**Exercise input**
■ ■ ■
(* Let $(x_n)_{n\ge0}$ be an infinite path in $\Gamma$ with $\ell(x_n)=n$, let $z$ be nonreal, and let $v_z,u_z:\Gamma\to\mathbb C$ satisfy $v_z(x_0)=1$, $v_z(x_1)=(z-\beta_{x_0})/\lambda_{x_0}$, $u_z(x_0)=0$, $u_z(x_1)=1/\lambda_{x_0}$, and $(Jv_z)(x)=zv_z(x)$, $(Ju_z)(x)=zu_z(x)$ for all $x\in\Gamma\setminus\{x_0\}$. Then for every $n\ge0$, $$v_z(x_n)u_z(x_{n+1})-u_z(x_n)v_z(x_{n+1})=\frac{1}{\lambda_{x_n}}.$$
   Context: Let $\Gamma$ be an infinite connected tree whose vertices are arranged in levels $\ell(x)\in\{0,1,2,\dots\}$: every vertex $x$ is adjacent to exactly one vertex $x'$ with $\ell(x')=\ell(x)+1$; for $\ell(x)\ge 1$ the set $N_x=\{y:\ y'=x\}$ of neighbours of $x$ on level $\ell(x)-1$ is finite and nonempty; $N_x=\emptyset$ if $\ell(x)=0$; there are no other edges. Fix $\lambda_x>0$, $\beta_x\in\mathbb R$. The Jacobi matrix $J$ acts on functions $v:\Gamma\to\mathbb C$ by $(Jv)(x)=\lambda_x v(x')+\beta_x v(x)+\sum_{y\in N_x}\lambda_y v(y)$. *)

theory Defs
  imports Complex_Main
begin

text \<open>A levelled tree: the vertex set is the type 'v; lev x is the level of x and
 par x is the unique neighbour x' of x on level lev x + 1.\<close>

definition children :: "('v \<Rightarrow> 'v) \<Rightarrow> 'v \<Rightarrow> 'v set" where
  "children par x = {y. par y = x}"

definition adjacent :: "('v \<Rightarrow> 'v) \<Rightarrow> 'v \<Rightarrow> 'v \<Rightarrow> bool" where
  "adjacent par x y \<longleftrightarrow> par x = y \<or> par y = x"

definition level_tree :: "('v \<Rightarrow> nat) \<Rightarrow> ('v \<Rightarrow> 'v) \<Rightarrow> bool" where
  "level_tree lev par \<longleftrightarrow>
     infinite (UNIV :: 'v set) \<and>
     (\<forall>x. lev (par x) = lev x + 1) \<and>
     (\<forall>x. lev x \<ge> 1 \<longrightarrow> finite (children par x) \<and> children par x \<noteq> {}) \<and>
     (\<forall>x. lev x = 0 \<longrightarrow> children par x = {}) \<and>
     (\<forall>x y. \<exists>m k. (par ^^ m) x = (par ^^ k) y)"

definition jacobi :: "('v \<Rightarrow> 'v) \<Rightarrow> ('v \<Rightarrow> real) \<Rightarrow> ('v \<Rightarrow> real) \<Rightarrow> ('v \<Rightarrow> complex) \<Rightarrow> 'v \<Rightarrow> complex" where
  "jacobi par lam beta v x =
     of_real (lam x) * v (par x) + of_real (beta x) * v x
     + (\<Sum>y\<in>children par x. of_real (lam y) * v y)"

end

theory Submission
  imports Defs
begin

text \<open>Write \<open>W(x) = v(x) u(x') - u(x) v(x')\<close> for the Wronskian across the edge from \<open>x\<close> to its
  parent \<open>x'\<close>. Subtracting \<open>u(x)\<close> times the eigenvalue equation for \<open>v\<close> at \<open>x\<close> from \<open>v(x)\<close> times
  the one for \<open>u\<close> gives the conservation law \<open>\<lambda>\<^sub>x W(x) = \<Sum>\<^sub>y\<^sub>\<in>\<^sub>N\<^sub>x \<lambda>\<^sub>y W(y)\<close> at every \<open>x \<noteq> x\<^sub>0\<close>.
  By induction on the level, \<open>W\<close> vanishes at every vertex off the path, since the whole subtree
  below such a vertex avoids \<open>x\<^sub>0\<close>. Along the path only the child \<open>x\<^sub>n\<close> of \<open>x\<^sub>n\<^sub>+\<^sub>1\<close> contributes, so
  \<open>\<lambda>\<^sub>x\<^sub>n W(x\<^sub>n)\<close> is independent of \<open>n\<close>, and it equals \<open>1\<close> at \<open>n = 0\<close> by the initial values.
  Neither \<open>Im z \<noteq> 0\<close> nor the value of \<open>v(x\<^sub>1)\<close> is needed.\<close>

definition wronskian :: "('v \<Rightarrow> 'v) \<Rightarrow> ('v \<Rightarrow> complex) \<Rightarrow> ('v \<Rightarrow> complex) \<Rightarrow> 'v \<Rightarrow> complex" where
  "wronskian par v u x = v x * u (par x) - u x * v (par x)"

lemma jacobi_wronskian_flux:
  assumes "jacobi par lam beta v x = z * v x" and "jacobi par lam beta u x = z * u x"
  shows "of_real (lam x) * wronskian par v u x
       = (\<Sum>c\<in>children par x. of_real (lam c) * wronskian par v u c)"
proof -
  define Sv where "Sv = (\<Sum>c\<in>children par x. of_real (lam c) * v c)"
  define Su where "Su = (\<Sum>c\<in>children par x. of_real (lam c) * u c)"
  have "v x * jacobi par lam beta u x - u x * jacobi par lam beta v x = 0"
    using assms by simp
  hence "of_real (lam x) * wronskian par v u x = u x * Sv - v x * Su"
    unfolding jacobi_def wronskian_def Sv_def Su_def by (simp add: algebra_simps)
  also have "\<dots> = (\<Sum>c\<in>children par x. of_real (lam c) * wronskian par v u c)"
    unfolding Sv_def Su_def wronskian_def children_def
    by (simp add: sum_distrib_left sum_subtractf[symmetric] algebra_simps)
  finally show ?thesis .
qed

lemma wronskian_eq_0_outside_par_closed:
  fixes lev :: "'v \<Rightarrow> nat"
  assumes lev_par: "\<And>x. lev (par x) = lev x + 1"
    and closed: "par ` A \<subseteq> A"
    and lam_nz: "\<And>x. lam x \<noteq> 0"
    and v_eq: "\<And>x. x \<notin> A \<Longrightarrow> jacobi par lam beta v x = z * v x"
    and u_eq: "\<And>x. x \<notin> A \<Longrightarrow> jacobi par lam beta u x = z * u x"
    and "x \<notin> A"
  shows "wronskian par v u x = 0"
  using \<open>x \<notin> A\<close>
proof (induction "lev x" arbitrary: x rule: less_induct)
  case less
  have "of_real (lam x) * wronskian par v u x
      = (\<Sum>c\<in>children par x. of_real (lam c) * wronskian par v u c)"
    using less.prems by (intro jacobi_wronskian_flux[of par lam beta v x z u] v_eq u_eq)
  also have "\<dots> = 0"
  proof (intro sum.neutral ballI)
    fix c assume "c \<in> children par x"
    hence "par c = x" by (simp add: children_def)
    hence "c \<notin> A" and "lev c < lev x"
      using closed less.prems lev_par[of c] by auto
    thus "of_real (lam c) * wronskian par v u c = 0" using less.hyps by simp
  qed
  finally show ?case using lam_nz[of x] by simp
qed

lemma wronskian_flux_single_child:
  assumes "jacobi par lam beta v x = z * v x" and "jacobi par lam beta u x = z * u x"
    and "finite (children par x)" and "par c = x"
    and others: "\<And>c'. par c' = x \<Longrightarrow> c' \<noteq> c \<Longrightarrow> wronskian par v u c' = 0"
  shows "of_real (lam x) * wronskian par v u x = of_real (lam c) * wronskian par v u c"
proof -
  have "of_real (lam x) * wronskian par v u x
      = (\<Sum>c'\<in>children par x. of_real (lam c') * wronskian par v u c')"
    using assms by (intro jacobi_wronskian_flux)
  also have "\<dots> = of_real (lam c) * wronskian par v u c"
    using assms by (intro sum.remove[THEN trans] sum.neutral) (auto simp: children_def)
  finally show ?thesis .
qed

lemma adjacent_level_Suc_imp_par:
  assumes "\<And>x. lev (par x) = lev x + 1" and "adjacent par x y" and "lev y = Suc (lev x)"
  shows "par x = y"
  using assms(2,3) assms(1)[of y] by (auto simp: adjacent_def)

theorem proposition4:
  fixes lev :: "'v \<Rightarrow> nat" and par :: "'v \<Rightarrow> 'v"
    and lam beta :: "'v \<Rightarrow> real" and xs :: "nat \<Rightarrow> 'v"
    and z :: complex and v u :: "'v \<Rightarrow> complex"
  assumes tree: "level_tree lev par"
    and lam_pos: "\<And>x. lam x > 0"
    and path: "\<And>n. adjacent par (xs n) (xs (Suc n))"
    and path_lev: "\<And>n. lev (xs n) = n"
    and nonreal: "Im z \<noteq> 0"
    and v0: "v (xs 0) = 1"
    and v1: "v (xs 1) = (z - of_real (beta (xs 0))) / of_real (lam (xs 0))"
    and u0: "u (xs 0) = 0"
    and u1: "u (xs 1) = 1 / of_real (lam (xs 0))"
    and v_eq: "\<And>x. x \<noteq> xs 0 \<Longrightarrow> jacobi par lam beta v x = z * v x"
    and u_eq: "\<And>x. x \<noteq> xs 0 \<Longrightarrow> jacobi par lam beta u x = z * u x"
  shows "\<forall>n. v (xs n) * u (xs (Suc n)) - u (xs n) * v (xs (Suc n)) = 1 / of_real (lam (xs n))"
proof -
  have lev_par: "\<And>x. lev (par x) = lev x + 1"
    and fin: "\<And>x. lev x \<ge> 1 \<Longrightarrow> finite (children par x)"
    using tree by (auto simp: level_tree_def)
  have par_xs: "par (xs n) = xs (Suc n)" for n
    using adjacent_level_Suc_imp_par[of lev par, OF lev_par path] path_lev by simp
  have lam_nz: "\<And>x. lam x \<noteq> 0" using lam_pos by (metis less_irrefl)
  have off_path: "wronskian par v u c = 0" if "c \<notin> range xs" for c
    using that by (intro wronskian_eq_0_outside_par_closed[of lev par "range xs" lam beta v z u, OF lev_par _ lam_nz])
      (auto simp: par_xs intro: v_eq u_eq)
  have "of_real (lam (xs n)) * wronskian par v u (xs n) = 1" for n
  proof (induction n)
    case 0
    show ?case using v0 u0 u1 lam_nz[of "xs 0"] by (simp add: wronskian_def par_xs)
  next
    case (Suc n)
    have "xs (Suc n) \<noteq> xs 0" using path_lev by (metis nat.simps(3))
    moreover have "c \<notin> range xs" if "par c = xs (Suc n)" "c \<noteq> xs n" for c
      using that path_lev lev_par[of c] by (metis Suc_eq_plus1 nat.inject rangeE)
    ultimately show ?case
      using Suc.IH wronskian_flux_single_child[OF v_eq u_eq fin, of "xs (Suc n)" "xs n"]
      by (simp add: off_path par_xs path_lev)
  qed
  thus ?thesis using lam_nz by (simp add: wronskian_def par_xs field_simps)
qed

end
■ ■ ■
All lines in the listing above from the line containing "less.hyps by simp" to the line containing "x \<Longrightarrow> c'", inclusive, should be retyped exactly; no other lines should appear.

    thus "of_real (lam c) * wronskian par v u c = 0" using less.hyps by simp
  qed
  finally show ?case using lam_nz[of x] by simp
qed

lemma wronskian_flux_single_child:
  assumes "jacobi par lam beta v x = z * v x" and "jacobi par lam beta u x = z * u x"
    and "finite (children par x)" and "par c = x"
    and others: "\<And>c'. par c' = x \<Longrightarrow> c' \<noteq> c \<Longrightarrow> wronskian par v u c' = 0"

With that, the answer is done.